Sunni Ulema Council Pakistan
- Variant flag of ASWJ, often used by SUC
- Formation: 2001
- Purpose: Sunni Islamism Anti-Shi'ism Deobandism Political Islam
- Headquarters: Islamabad, Pakistan
- Location: Pakistan;
- Secretary General: Masood ur Rehman Usmani (till 2024)
- Sarparast: Ahmed Ludhianvi
- Leader of Punjab Division: Muhammad Ashraf Tahir
- Affiliations: Sipah-e-Sahaba Ahle Sunnat Wal Jamaat

= Sunni Ulema Council =

Sunni Islamist organization in Pakistan

Sunni Ulema Council (S.U.C) (English: Council of Sunni Scholars) is a Sunni Deobandi Islamist religio-political organization in Pakistan, which is affiliated with the Ahle Sunnat Wal Jama'at (ASWJ).

The group was led by Masood ur Rehman Usmani until his assassination by unknown gunmen in Islamabad in January 2024.

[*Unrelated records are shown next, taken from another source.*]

(* Let $\Gamma$ be the subgroup of $\mathrm{Isom}(\mathbb{R}^2)$, identifying $\mathbb{R}^2\cong\mathbb{C}$, consisting of all translations $z\mapsto z+a$ and all $180^\circ$ rotations $z\mapsto -z+2a$ ($a\in\mathbb{C}$). Then, with $2$ colors, $\mathrm{ext}_D(\mathbb{R}^2,\Gamma)=4$.
   Context: Let a group $\Gamma$ act faithfully on a set $X$. A coloring $c:X\to\{R,B\}$ is $\Gamma$-distinguishing if the only $\gamma\in\Gamma$ with $c\circ\gamma=c$ is the identity. For $W\subset X$ whose pointwise stabilizer in $\Gamma$ is trivial, the property $P(W)$ holds if every precoloring $c:X\setminus W\to\{R,B\}$ can be extended to a $\Gamma$-distinguishing coloring $X\to\{R,B\}$. The distinguishing extension number $\mathrm{ext}_D(X,\Gamma)$ is the smallest $m$ such that every $W\subset X$ with $|W|\geq m$ and trivial pointwise stabilizer satisfies $P(W)$ ($\infty$ if none exists). *)

theory Defs
  imports Complex_Main "HOL-Library.Extended_Nat"
begin

text \<open>A group acting faithfully on a set X is represented by a set G of
 bijections of the type 'a (X = UNIV). Colorings with two colours R, B are
 functions 'a \<Rightarrow> bool (True = R, False = B).\<close>

definition distinguishing :: "('a \<Rightarrow> 'a) set \<Rightarrow> ('a \<Rightarrow> bool) \<Rightarrow> bool" where
  "distinguishing G c \<longleftrightarrow> (\<forall>g\<in>G. c \<circ> g = c \<longrightarrow> g = id)"

definition trivial_pointwise_stabilizer :: "('a \<Rightarrow> 'a) set \<Rightarrow> 'a set \<Rightarrow> bool" where
  "trivial_pointwise_stabilizer G W \<longleftrightarrow> (\<forall>g\<in>G. (\<forall>w\<in>W. g w = w) \<longrightarrow> g = id)"

text \<open>P(W): every precoloring of X - W (only the values outside W matter)
 extends to a distinguishing coloring.\<close>
definition prop_P :: "('a \<Rightarrow> 'a) set \<Rightarrow> 'a set \<Rightarrow> bool" where
  "prop_P G W \<longleftrightarrow> (\<forall>c::'a \<Rightarrow> bool. \<exists>c'. (\<forall>x. x \<notin> W \<longrightarrow> c' x = c x) \<and> distinguishing G c')"

definition card_ge :: "'a set \<Rightarrow> nat \<Rightarrow> bool" where
  "card_ge W m \<longleftrightarrow> infinite W \<or> card W \<ge> m"

definition ext_good :: "('a \<Rightarrow> 'a) set \<Rightarrow> nat \<Rightarrow> bool" where
  "ext_good G m \<longleftrightarrow> (\<forall>W. card_ge W m \<and> trivial_pointwise_stabilizer G W \<longrightarrow> prop_P G W)"

definition ext_D :: "('a \<Rightarrow> 'a) set \<Rightarrow> enat" where
  "ext_D G = (if \<exists>m. ext_good G m then enat (LEAST m. ext_good G m) else \<infinity>)"

definition Gamma_tr_rot :: "(complex \<Rightarrow> complex) set" where
  "Gamma_tr_rot = {(\<lambda>z. z + a) | a. True} \<union> {(\<lambda>z. - z + 2 * a) | a. True}"

end

theory Submission
  imports Defs "HOL-Library.Product_Lexorder"
begin

(* Lower bound: the three points -1, 0, 1 have trivial pointwise stabiliser, but every
   colouring that is constant outside them is preserved by a translation or a half-turn,
   because every subset of {-1, 0, 1} is centrally symmetric.

   Upper bound: let F be a set of at least four points and suppose no recolouring c' of F
   (keeping the precolouring c outside F) is distinguishing.  For a direction w, the jump set
   of c' is the set of points where c' differs from its translate by w.  First one finds
   w \<noteq> 0 whose jump sets are finite (from a translation symmetry, or by comparing the
   centres of two half-turn symmetries).  A finite jump set of a colouring with a non-trivial
   symmetry in \<Gamma> is centrally symmetric.  Ordering the plane lexicographically along w, the
   centre of a finite symmetric set is the midpoint of its two extreme points, so recolourings
   that fix the jumps at the extremes of F all have the same centre z0.  Toggling the colour of
   one inner point r of F changes the jump set by {r, r + w}, which forces 2 z0 = 2 r + w; two
   different inner points then give a contradiction. *)

(* Lexicographic key of a point along the direction w: first the component along w, then the
   component orthogonal to it. *)
definition dir_key :: "complex \<Rightarrow> complex \<Rightarrow> real \<times> real" where
  "dir_key w x = (Re (cnj w * x), Im (cnj w * x))"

It is rival group to the Shia Ulema Council. The group's political alignment was further demonstrated when it under the leadership of Muhammad Ashraf Tahir joined the Difa-e-Pakistan Council, an Islamist alliance, in late 2011. This move came amidst heightened tensions with the United States following a 2011 NATO attack on Pakistan near the Afghan border.

The organization has been the target of violent attacks, resulting in the deaths of several members and leaders. These include Salim Khatiri, its Karachi leader, who was assassinated in an attack widely attributed to Shia militants, and Masood ur Rehman Usmani, who was killed in Islamabad in January 2024.